Aus meiner Sicht sind sämtliche Maßnahmen, die auf die Beendigung der Manipulationen abzielen, richtig. Hoffentlich werden sie dann auch zeitnah umgesetzt. Einzig die darüber hinaus gehende Ausweitung des Morbi-RSA auf alle Krankheiten halte ich für den falschen Weg. Diese Maßnahme erzeugt noch mehr Bürokratie und Aufwand. Und ich kann mir nicht vorstellen, wie dann Manipulationen in der Breite aufgedeckt und geahndet werden sollen. Ein konsequentes Verbot bestimmter Verträge sowie klar definierte Kodier-Richtlinien zusammen mit einer strukturierten Dokumentationspflicht der Ärzte wären hier aus meiner Sicht der bessere Weg gewesen.

Daran anknüpfend: Im PKV-System erhalten die Patient*innen eine Rechnung vom Arzt mit den Kosten und der Diagnose. Warum nicht bei den Krankenkassen? Würde das die Transparenz aus Ihrer Sicht erhöhen?

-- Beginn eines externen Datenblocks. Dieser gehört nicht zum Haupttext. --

(* Let $A\ge0$. A smooth path $c:[a,b]\times S^1\to\mathbb R^2$ of immersions is a critical point of the energy $$E_{G^A}(c)=\tfrac12\int_a^b\!\!\int_{S^1}(1+A\kappa_{c(t)}^2)\langle c_t,c_t\rangle|c_\theta|\,d\theta\,dt$$ with respect to all smooth variations with fixed endpoints $c(a,\cdot),c(b,\cdot)$ if and only if $$\big((1+A\kappa^2)|c_\theta|\,c_t\big)_t=\Big(\frac{-1+A\kappa^2}{2}\,\frac{|c_t|^2}{|c_\theta|}\,c_\theta+A\,\frac{(\kappa|c_t|^2)_\theta}{|c_\theta|^2}\,ic_\theta\Big)_\theta,$$ where $\kappa=\kappa_{c(t)}(\theta)$.
   Context: $S^1=\mathbb R/2\pi\mathbb Z$, $\mathbb R^2\cong\mathbb C$ (so $i$ denotes rotation by $\pi/2$). Subscripts denote partial derivatives. $\kappa_c=\det(c_\theta,c_{\theta\theta})/|c_\theta|^3$ is the curvature of the immersion $c$. *)

theory Defs
  imports "HOL-Analysis.Analysis"
begin

text \<open>C-infinity smoothness of a function of two real variables on a set S
  (here S = [a,b] x R), via one-sided (within S) derivatives: f is smooth iff it is
  Frechet differentiable on S with partial derivatives g1, g2 that are again smooth.\<close>
coinductive smooth_on :: "(real \<times> real) set \<Rightarrow> (real \<times> real \<Rightarrow> 'a::real_normed_vector) \<Rightarrow> bool"
  for S where
  "(\<And>x. x \<in> S \<Longrightarrow> (f has_derivative (\<lambda>(u, v). u *\<^sub>R g1 x + v *\<^sub>R g2 x)) (at x within S))
   \<Longrightarrow> smooth_on S g1 \<Longrightarrow> smooth_on S g2 \<Longrightarrow> smooth_on S f"

text \<open>Paths c : [a,b] x S^1 -> C are represented as curried maps c t \<theta>, 2pi-periodic in \<theta>.\<close>
definition smooth_path :: "real \<Rightarrow> real \<Rightarrow> (real \<Rightarrow> real \<Rightarrow> complex) \<Rightarrow> bool" where
  "smooth_path a b c \<longleftrightarrow> smooth_on ({a..b} \<times> UNIV) (\<lambda>(t, \<theta>). c t \<theta>)
      \<and> (\<forall>t\<in>{a..b}. \<forall>\<theta>. c t (\<theta> + 2 * pi) = c t \<theta>)"

definition dT :: "real \<Rightarrow> real \<Rightarrow> (real \<Rightarrow> real \<Rightarrow> 'a::real_normed_vector) \<Rightarrow> real \<Rightarrow> real \<Rightarrow> 'a" where
  "dT a b f t \<theta> = vector_derivative (\<lambda>s. f s \<theta>) (at t within {a..b})"

definition dTh :: "(real \<Rightarrow> real \<Rightarrow> 'a::real_normed_vector) \<Rightarrow> real \<Rightarrow> real \<Rightarrow> 'a" where
  "dTh f t \<theta> = vector_derivative (\<lambda>\<phi>. f t \<phi>) (at \<theta>)"

definition immersion_path :: "real \<Rightarrow> real \<Rightarrow> (real \<Rightarrow> real \<Rightarrow> complex) \<Rightarrow> bool" where
  "immersion_path a b c \<longleftrightarrow> (\<forall>t\<in>{a..b}. \<forall>\<theta>. dTh c t \<theta> \<noteq> 0)"

definition det2 :: "complex \<Rightarrow> complex \<Rightarrow> real" where
  "det2 z w = Re z * Im w - Im z * Re w"

definition curv :: "(real \<Rightarrow> real \<Rightarrow> complex) \<Rightarrow> real \<Rightarrow> real \<Rightarrow> real" where
  "curv c t \<theta> = det2 (dTh c t \<theta>) (dTh (dTh c) t \<theta>) / cmod (dTh c t \<theta>) ^ 3"

definition energy :: "real \<Rightarrow> real \<Rightarrow> real \<Rightarrow> (real \<Rightarrow> real \<Rightarrow> complex) \<Rightarrow> real" where
  "energy A a b c = 1/2 * integral {a..b} (\<lambda>t. integral {0..2*pi} (\<lambda>\<theta>.
      (1 + A * (curv c t \<theta>)\<^sup>2) * (cmod (dT a b c t \<theta>))\<^sup>2 * cmod (dTh c t \<theta>)))"

definition admissible_variation :: "real \<Rightarrow> real \<Rightarrow> (real \<Rightarrow> real \<Rightarrow> complex) \<Rightarrow> bool" where
  "admissible_variation a b h \<longleftrightarrow> smooth_path a b h \<and> (\<forall>\<theta>. h a \<theta> = 0 \<and> h b \<theta> = 0)"

definition critical_point :: "real \<Rightarrow> real \<Rightarrow> real \<Rightarrow> (real \<Rightarrow> real \<Rightarrow> complex) \<Rightarrow> bool" where
  "critical_point A a b c \<longleftrightarrow> (\<forall>h. admissible_variation a b h \<longrightarrow>
      ((\<lambda>s. energy A a b (\<lambda>t \<theta>. c t \<theta> + of_real s * h t \<theta>)) has_real_derivative 0) (at 0))"

definition geodesic_eq :: "real \<Rightarrow> real \<Rightarrow> real \<Rightarrow> (real \<Rightarrow> real \<Rightarrow> complex) \<Rightarrow> bool" where
  "geodesic_eq A a b c \<longleftrightarrow> (\<forall>t\<in>{a..b}. \<forall>\<theta>.
     dT a b (\<lambda>t \<theta>. of_real ((1 + A * (curv c t \<theta>)\<^sup>2) * cmod (dTh c t \<theta>)) * dT a b c t \<theta>) t \<theta>
   = dTh (\<lambda>t \<theta>. of_real ((-1 + A * (curv c t \<theta>)\<^sup>2) / 2 * (cmod (dT a b c t \<theta>))\<^sup>2 / cmod (dTh c t \<theta>))
                   * dTh c t \<theta>
              + of_real (A * dTh (\<lambda>t \<theta>. curv c t \<theta> * (cmod (dT a b c t \<theta>))\<^sup>2) t \<theta>
                          / (cmod (dTh c t \<theta>))\<^sup>2) * (\<i> * dTh c t \<theta>)) t \<theta>)"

In der GKV gilt das Sachleistungsprinzip. Von daher lässt sich dies bei den Krankenkassen nicht umsetzen. Bereits heute können gesetzlich Versicherte aber bei einigen Krankenkassen eine elektronische Patientenquittung abrufen, auch bei unserer BKK WIRTSCHAFT & FINANZEN. Künftig wird diese als Teil der elektronischen Patientenakte sogar einheitlich verpflichtend allen gesetzlich Versicherten zur Verfügung stehen. Die Frage aber ist, ob die Versicherten dies überhaupt in Anspruch nehmen wollen. Sicher gibt es auch andere Wege, die Transparenz für Versicherte zu erhöhen, beispielsweise über Eigenanteile. Das wäre aber ein sehr komplexes Thema, das eingehend diskutiert werden müsste.

Aktuell gibt es 105 verschiedene Krankenkassen in Deutschland. Helfen könnte bei einer Kostensenkung, wenn deutlich mehr Kassen fusionieren und wenn die Zahl der Anbieter eingeschrumpft wird. Aus Ihrer Sicht ein gangbarer Weg? Gibt es hier Widerstände?

Diese Ansicht teile ich gar nicht. Der Gesetzgeber hat sich wiederholt für das gegliederte Krankenkassensystem und damit für Kassenvielfalt entschieden.

Obwohl für alle Krankenkassen die gleichen gesetzlichen Regelungen bestehen, hat die Kassenvielfalt mit dem damit verbundenen Wettbewerb in der Vergangenheit dafür gesorgt, dass unterschiedliche Versorgungsformen und medizinischer Fortschritt entstanden sind. Zudem gehören die meisten großen Krankenkassen im Hinblick auf Verwaltungskosten zu den eher teuren Krankenkassen. Selbst, wenn von heute auf morgen nur wenige Krankenkassen bestehen würden, wäre das Einsparpotential in Form von Beitragssatzpunkten kaum messbar.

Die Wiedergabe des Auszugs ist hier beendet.